#### EXERCISE PROMPT
Please repeat the lines below exactly. Begin with the line containing "j0 \<in> Dom" and go on through the line containing "(meson finite_Diff finite_subset)".
<<<<
text \<open>Conversely, x cannot reach a vertex v of Dom y - {y} while avoiding y, since s reaches x
  while avoiding y; so every path from x to v passes y, and no vertex of the diblock follows y.\<close>
lemma dominated_subset_Xset:
  assumes x: "x \<in> V" and y: "y \<in> diblock (induced D (Dom x)) x" "y \<noteq> x"
  shows "Dom y - {y} \<subseteq> Xset (induced D (Dom x)) x y"
proof
  let ?H = "induced D (Dom x)" and ?B = "diblock (induced D (Dom x)) x"
  have aH: "arcs ?H \<subseteq> E" and vH: "verts ?H = Dom x" by (auto simp: induced_eq_Restr)
  have yD: "y \<in> Dom x" using diblock_dominated_subset[OF x] y by auto
  fix v assume v: "v \<in> Dom y - {y}"
  then have vD: "v \<in> Dom x" using dominated_trans[OF yD] by auto
  have "(s, v) \<notin> (Restr E (V - {y}))\<^sup>*" using v by (auto simp: mem_dominated)
  then have not_reach: "(x, v) \<notin> (Restr E (V - {y}))\<^sup>*"
    using reach_avoiding_dominated[OF x yD y(2)] by (meson rtrancl_trans)
  then have vB: "v \<notin> ?B" using diblock_reach_avoiding[OF x _ _ y(2)] v by blast
  have "last (filter (\<lambda>z. z \<in> ?B) p) = y" if p: "dpath ?H p x v" for p
  proof -
    have avoid: "y \<in> set q" if "dpath ?H q a v" "(x, a) \<in> (Restr E (V - {y}))\<^sup>*" for q a
    proof (rule ccontr)
      assume "y \<notin> set q"
      then have "(a, v) \<in> (Restr E (V - {y}))\<^sup>*"
        using that(1) aH vH dominated_subset[of x] by (intro dpath_imp_rtrancl) (auto simp: dpath_def)
      with that(2) not_reach show False by (meson rtrancl_trans)
    qed
    from avoid[OF p] obtain k where k: "k < length p" "p ! k = y" by (auto simp: in_set_conv_nth)
    have "p ! m \<notin> ?B" if m: "k < m" "m < length p" for m
    proof
      assume mB: "p ! m \<in> ?B"
      have "p ! m \<noteq> y" using m k p by (auto simp: dpath_def nth_eq_iff_index_eq)
      then have "(x, p ! m) \<in> (Restr E (V - {y}))\<^sup>*"
        using diblock_reach_avoiding[OF x mB _ y(2)] by auto
      moreover have "y \<notin> set (drop m p)"
        using distinct_nth_notin_drop[of p k m] p k m by (auto simp: dpath_def)
      ultimately show False using avoid[OF dpath_drop[OF p m(2)]] by blast
    qed
    with k y(1) show ?thesis by (auto intro: last_filter_eq_nth)
  qed
  with vD vB show "v \<in> Xset ?H x y" unfolding Xset_def by (simp add: induced_eq_Restr)
qed

lemma Xset_insert_eq_dominated:
  assumes "x \<in> V" "y \<in> diblock (induced D (Dom x)) x" "y \<noteq> x"
  shows "Xset (induced D (Dom x)) x y \<union> {y} = Dom y"
  using Xset_subset_dominated[OF assms] dominated_subset_Xset[OF assms]
    diblock_dominated_subset[OF assms(1)] assms(2) dominated_subset
  by (auto simp: mem_dominated)

lemma induced_verts: "induced D V = D"
  using wf by (cases D) (auto simp: induced_def wf_digraph_def)

text \<open>The cut decomposition is the dominator tree.\<close>
lemma cd_node_eq_induced_dominated:
  "cd_node D s x H \<Longrightarrow> x \<in> V \<and> H = induced D (Dom x)"
proof (induct rule: cd_node.induct)
  case root
  then show ?case using root_in_verts dominated_root induced_verts by simp
next
  case (child x H y)
  then have x: "x \<in> V" and H: "H = induced D (Dom x)" by auto
  have y: "y \<in> diblock H x" "y \<noteq> x" using child(3) by (auto simp: bottleneck_def)
  then have yD: "y \<in> Dom x" using diblock_dominated_subset[OF x] H by auto
  have "Xset H x y \<union> {y} = Dom y" using Xset_insert_eq_dominated[OF x] y H by auto
  moreover have "Dom y \<subseteq> Dom x" using dominated_trans[OF yD] .
  ultimately have "induced H (Xset H x y \<union> {y}) = induced D (Dom y)"
    using H by (auto simp: induced_eq_Restr)
  then show ?case using yD dominated_subset by auto
qed

text \<open>A degenerate diblock {x, y} leaves x with the single out-neighbour y inside Dom x.\<close>
lemma degenerate_unique_dominated_succ:
  assumes node: "cd_node D s x H" and y: "bottleneck H x y" and card: "card (diblock H x) = 2"
  shows "unique_dominated_succ x y"
proof -
  have H: "H = induced D (Dom x)" using cd_node_eq_induced_dominated[OF node] by simp
  have yB: "y \<in> diblock H x" "y \<noteq> x" using y by (auto simp: bottleneck_def)
  have "diblock H x = {x, y}"
  proof -
    have "finite (diblock H x)" using card card.infinite by fastforce
    moreover have "{x, y} \<subseteq> diblock H x" using yB by (auto simp: diblock_def)
    ultimately show ?thesis using card yB by (metis card_2_iff card_subset_eq)
  qed
  moreover have "w \<in> diblock H x" "w \<noteq> x" if "(x, w) \<in> arcs H" for w
    using that no_loop H by (auto simp: diblock_def induced_eq_Restr)
  ultimately have succ: "w = y" if "(x, w) \<in> arcs H" for w
    using that by blast
  have "(x, y) \<in> arcs H"
  proof -
    consider "(x, y) \<in> arcs H" | "bireachable H x y" using yB unfolding diblock_def by auto
    then show ?thesis
    proof cases
      case 2
      then obtain p where p: "dpath H p x y" unfolding bireachable_def by blast
      with yB(2) have "Suc 0 < length p"
        by (cases p) (auto simp: dpath_def split: if_splits)
      with p have "(x, p ! 1) \<in> arcs H" by (auto simp: dpath_def hd_conv_nth)
      with succ show ?thesis by auto
    qed
  qed
  with succ H yB(2) show ?thesis unfolding unique_dominated_succ_def by (auto simp: induced_eq_Restr)
qed

end

locale dominator_chain = rooted_digraph +
  fixes xs :: "'a list"
  assumes succ_exists: "i < length xs \<Longrightarrow> \<exists>c. unique_dominated_succ (xs ! i) c"
    and succ_next: "Suc i < length xs \<Longrightarrow> unique_dominated_succ (xs ! i) (xs ! Suc i)"

lemma (in rooted_digraph) degenerate_path_dominator_chain:
  assumes "degenerate_path D s xs"
  shows "dominator_chain D s xs"
proof unfold_locales
  fix i assume "i < length xs"
  with assms obtain H y where "cd_node D s (xs ! i) H" "bottleneck H (xs ! i) y" "card (diblock H (xs ! i)) = 2"
    unfolding degenerate_path_def cd_degenerate_def by blast
  then show "\<exists>c. unique_dominated_succ (xs ! i) c" by (blast intro: degenerate_unique_dominated_succ)
next
  fix i assume i: "Suc i < length xs"
  with assms obtain H y where H: "cd_node D s (xs ! i) H" "bottleneck H (xs ! i) y"
      "card (diblock H (xs ! i)) = 2"
    unfolding degenerate_path_def cd_degenerate_def by (meson Suc_lessD)
  from i assms obtain G where G: "cd_node D s (xs ! i) G" "bottleneck G (xs ! i) (xs ! Suc i)"
    unfolding degenerate_path_def cd_child_def by blast
  have "G = H" using cd_node_eq_induced_dominated[OF G(1)] cd_node_eq_induced_dominated[OF H(1)] by simp
  with H G show "unique_dominated_succ (xs ! i) (xs ! Suc i)"
    by (blast intro: degenerate_unique_dominated_succ)
qed

context dominator_chain
begin

lemma chain_mem_dominated: "i < length xs \<Longrightarrow> xs ! i \<in> Dom (xs ! i)"
  using succ_exists arc_verts by (fastforce simp: unique_dominated_succ_def mem_dominated)

lemma chain_dominated_antimono:
  assumes "i \<le> j" "j < length xs"
  shows "Dom (xs ! j) \<subseteq> Dom (xs ! i)"
  using assms
proof (induct j rule: dec_induct)
  case (step j)
  then have "xs ! Suc j \<in> Dom (xs ! j)" using succ_next by (auto simp: unique_dominated_succ_def)
  with step show ?case using dominated_trans by (meson Suc_lessD order_trans)
qed simp

lemma chain_not_dominated_by_later:
  assumes "i < j" "j < length xs"
  shows "xs ! i \<notin> Dom (xs ! j)"
proof
  assume "xs ! i \<in> Dom (xs ! j)"
  then have dom: "xs ! i \<in> Dom (xs ! Suc i)"
    using chain_dominated_antimono[of "Suc i" j] assms by auto
  have succ: "unique_dominated_succ (xs ! i) (xs ! Suc i)" using succ_next assms by simp
  then have "(s, xs ! i) \<in> (Restr E (V - {xs ! Suc i}))\<^sup>*"
    using reach_avoiding_dominated arc_verts by (auto simp: unique_dominated_succ_def)
  with dom succ show False by (auto simp: mem_dominated unique_dominated_succ_def)
qed

text \<open>One arc per tail of A^0, namely the arc to the next vertex of the dominator tree; these
  arcs lie in every out-branching but can all be avoided by a single in-branching.\<close>
definition forced_arcs :: "('a \<times> 'a) set" where
  "forced_arcs = {(u, c). u \<in> A0_tails D xs \<and> unique_dominated_succ u c}"

lemma forced_arcs_subset_out_branching:
  "out_branching D s T \<Longrightarrow> forced_arcs \<subseteq> T"
  by (auto simp: forced_arcs_def intro: unique_dominated_succ_in_out_branching)

lemma card_forced_arcs: "card forced_arcs = card (A0_tails D xs)"
proof (rule bij_betw_same_card)
  show "bij_betw fst forced_arcs (A0_tails D xs)"
    unfolding bij_betw_def
  proof
    show "inj_on fst forced_arcs"
      by (auto intro!: inj_onI simp: forced_arcs_def dest: unique_dominated_succ_unique)
    show "fst ` forced_arcs = A0_tails D xs"
      using succ_exists by (force simp: forced_arcs_def A0_tails_def)
  qed
qed

text \<open>If some vertex could not reach t without forced arcs, take the first index j0 of a vertex
  that is the tail of a backward arc (xs ! j0, xs ! i0) and is stuck in this sense. By reducedness
  that arc lies in an in-branching, so xs ! i0 reaches t avoiding xs ! j0; the last stuck vertex on
  that path is again such a tail, hence lies in Dom (xs ! j0), which cannot be entered without
  passing xs ! j0.\<close>
lemma reach_avoiding_forced_arcs:
  assumes red: "reduced_instance D s t k" and v: "v \<in> V"
  shows "(v, t) \<in> (E - forced_arcs)\<^sup>*"
proof (rule ccontr)
  define stuck where "stuck z \<longleftrightarrow> (z, t) \<notin> (E - forced_arcs)\<^sup>*" for z
  define J where "J = {j. j < length xs \<and> (\<exists>i<j. (xs ! j, xs ! i) \<in> E) \<and> stuck (xs ! j)}"
  have exit: "\<exists>j \<in> J. (a, xs ! j) \<in> R\<^sup>*"
    if at: "(a, t) \<in> R\<^sup>*" and RE: "R \<subseteq> E" and a: "stuck a" for a R
  proof -
    obtain u w where uw: "(a, u) \<in> R\<^sup>*" "(u, w) \<in> R" "stuck u" "\<not> stuck w"
      using rtrancl_crossing_step[OF at, of stuck] a by (auto simp: stuck_def)
    then have "(u, w) \<in> forced_arcs"
      using RE by (auto simp: stuck_def intro: converse_rtrancl_into_rtrancl)
    with uw(1,3) show ?thesis by (auto simp: forced_arcs_def A0_tails_def J_def)
  qed
  assume "(v, t) \<notin> (E - forced_arcs)\<^sup>*"
  moreover obtain T where "in_branching D t T" using red unfolding reduced_instance_def by blast
  then have "(v, t) \<in> E\<^sup>*" using v by (rule in_branching_reaches)
  ultimately obtain j where "j \<in> J" using exit[of v E] by (auto simp: stuck_def)
  define j0 where "j0 = (LEAST j. j \<in> J)"
  have "j0 \<in> J" and j0_least: "\<And>j. j \<in> J \<Longrightarrow> j0 \<le> j"
    unfolding j0_def using \<open>j \<in> J\<close> by (auto intro: LeastI Least_le)
  then obtain i0 where i0: "i0 < j0" "j0 < length xs" "(xs ! j0, xs ! i0) \<in> E" "stuck (xs ! j0)"
    by (auto simp: J_def)
  have i0_out: "xs ! i0 \<notin> Dom (xs ! j0)" using chain_not_dominated_by_later i0 by simp
  have "stuck (xs ! i0)"
  proof -
    have "(xs ! j0, xs ! i0) \<notin> forced_arcs"
      using i0_out by (auto simp: forced_arcs_def unique_dominated_succ_def)
    with i0(3,4) show ?thesis by (auto simp: stuck_def intro: converse_rtrancl_into_rtrancl)
  qed
  moreover have "xs ! j0 \<in> Dom (xs ! i0)"
    using chain_mem_dominated[of j0] chain_dominated_antimono[of i0 j0] i0 by auto
  then have "(xs ! i0, t) \<in> (Restr E (V - {xs ! j0}))\<^sup>*"
    using reduced_back_arc_reach_avoiding[OF red i0(3)] by simp
  ultimately obtain q where q: "q \<in> J" and reach_q: "(xs ! i0, xs ! q) \<in> (Restr E (V - {xs ! j0}))\<^sup>*"
    using exit[of "xs ! i0" "Restr E (V - {xs ! j0})"] by auto
  have "xs ! q \<in> Dom (xs ! j0)"
    using j0_least[OF q] q chain_mem_dominated[of q] chain_dominated_antimono[of j0 q] by (auto simp: J_def)
  moreover have "xs ! i0 \<in> V" using arc_verts i0(3) by blast
  ultimately have "xs ! i0 \<in> Dom (xs ! j0)" using reach_q by (rule reach_avoiding_into_dominated[rotated])
  with i0_out show False by contradiction
qed

end

theorem lemma17:
  fixes D :: "'a dg" and s t :: 'a and k :: int and xs :: "'a list"
  assumes "wf_digraph D" and "s \<in> verts D" and "t \<in> verts D"
    and "reduced_instance D s t k"
    and "degenerate_path D s xs"
    and "t \<notin> set xs"
    and "\<not> positive_instance D s t k"
  shows "int (card (A0_tails D xs)) < k"
proof -
  obtain Tp where Tp: "out_branching D s Tp" using assms(4) unfolding reduced_instance_def by blast
  interpret rooted_digraph D s using assms(1,2) out_branching_reaches[OF Tp] by unfold_locales
  interpret dominator_chain D s xs using degenerate_path_dominator_chain[OF assms(5)] .
  have "E \<subseteq> V \<times> V" using assms(1) by (simp add: wf_digraph_def)
  with in_branching_exists[OF Diff_subset this assms(3) reach_avoiding_forced_arcs[OF assms(4)]]
  obtain Tm where Tm: "Tm \<subseteq> E - forced_arcs" "in_branching D t Tm"
    by blast
  have "Tp \<subseteq> E" using Tp unfolding out_branching_def by blast
  then have "finite (Tp - Tm)" using finite_arcs by (meson finite_Diff finite_subset)
  moreover have "forced_arcs \<subseteq> Tp - Tm" using forced_arcs_subset_out_branching[OF Tp] Tm(1) by auto
  ultimately have "card (A0_tails D xs) \<le> card (Tp - Tm)"
    using card_forced_arcs card_mono by metis
  moreover have "int (card (Tp - Tm)) < k"
    using Tp Tm(2) assms(7) unfolding positive_instance_def by (meson not_le)
  ultimately show ?thesis by linarith
qed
>>>>
#### COMPLETED TASK
  moreover have "xs ! j0 \<in> Dom (xs ! i0)"
    using chain_mem_dominated[of j0] chain_dominated_antimono[of i0 j0] i0 by auto
  then have "(xs ! i0, t) \<in> (Restr E (V - {xs ! j0}))\<^sup>*"
    using reduced_back_arc_reach_avoiding[OF red i0(3)] by simp
  ultimately obtain q where q: "q \<in> J" and reach_q: "(xs ! i0, xs ! q) \<in> (Restr E (V - {xs ! j0}))\<^sup>*"
    using exit[of "xs ! i0" "Restr E (V - {xs ! j0})"] by auto
  have "xs ! q \<in> Dom (xs ! j0)"
    using j0_least[OF q] q chain_mem_dominated[of q] chain_dominated_antimono[of j0 q] by (auto simp: J_def)
  moreover have "xs ! i0 \<in> V" using arc_verts i0(3) by blast
  ultimately have "xs ! i0 \<in> Dom (xs ! j0)" using reach_q by (rule reach_avoiding_into_dominated[rotated])
  with i0_out show False by contradiction
qed

end

theorem lemma17:
  fixes D :: "'a dg" and s t :: 'a and k :: int and xs :: "'a list"
  assumes "wf_digraph D" and "s \<in> verts D" and "t \<in> verts D"
    and "reduced_instance D s t k"
    and "degenerate_path D s xs"
    and "t \<notin> set xs"
    and "\<not> positive_instance D s t k"
  shows "int (card (A0_tails D xs)) < k"
proof -
  obtain Tp where Tp: "out_branching D s Tp" using assms(4) unfolding reduced_instance_def by blast
  interpret rooted_digraph D s using assms(1,2) out_branching_reaches[OF Tp] by unfold_locales
  interpret dominator_chain D s xs using degenerate_path_dominator_chain[OF assms(5)] .
  have "E \<subseteq> V \<times> V" using assms(1) by (simp add: wf_digraph_def)
  with in_branching_exists[OF Diff_subset this assms(3) reach_avoiding_forced_arcs[OF assms(4)]]
  obtain Tm where Tm: "Tm \<subseteq> E - forced_arcs" "in_branching D t Tm"
    by blast
  have "Tp \<subseteq> E" using Tp unfolding out_branching_def by blast
  then have "finite (Tp - Tm)" using finite_arcs by (meson finite_Diff finite_subset)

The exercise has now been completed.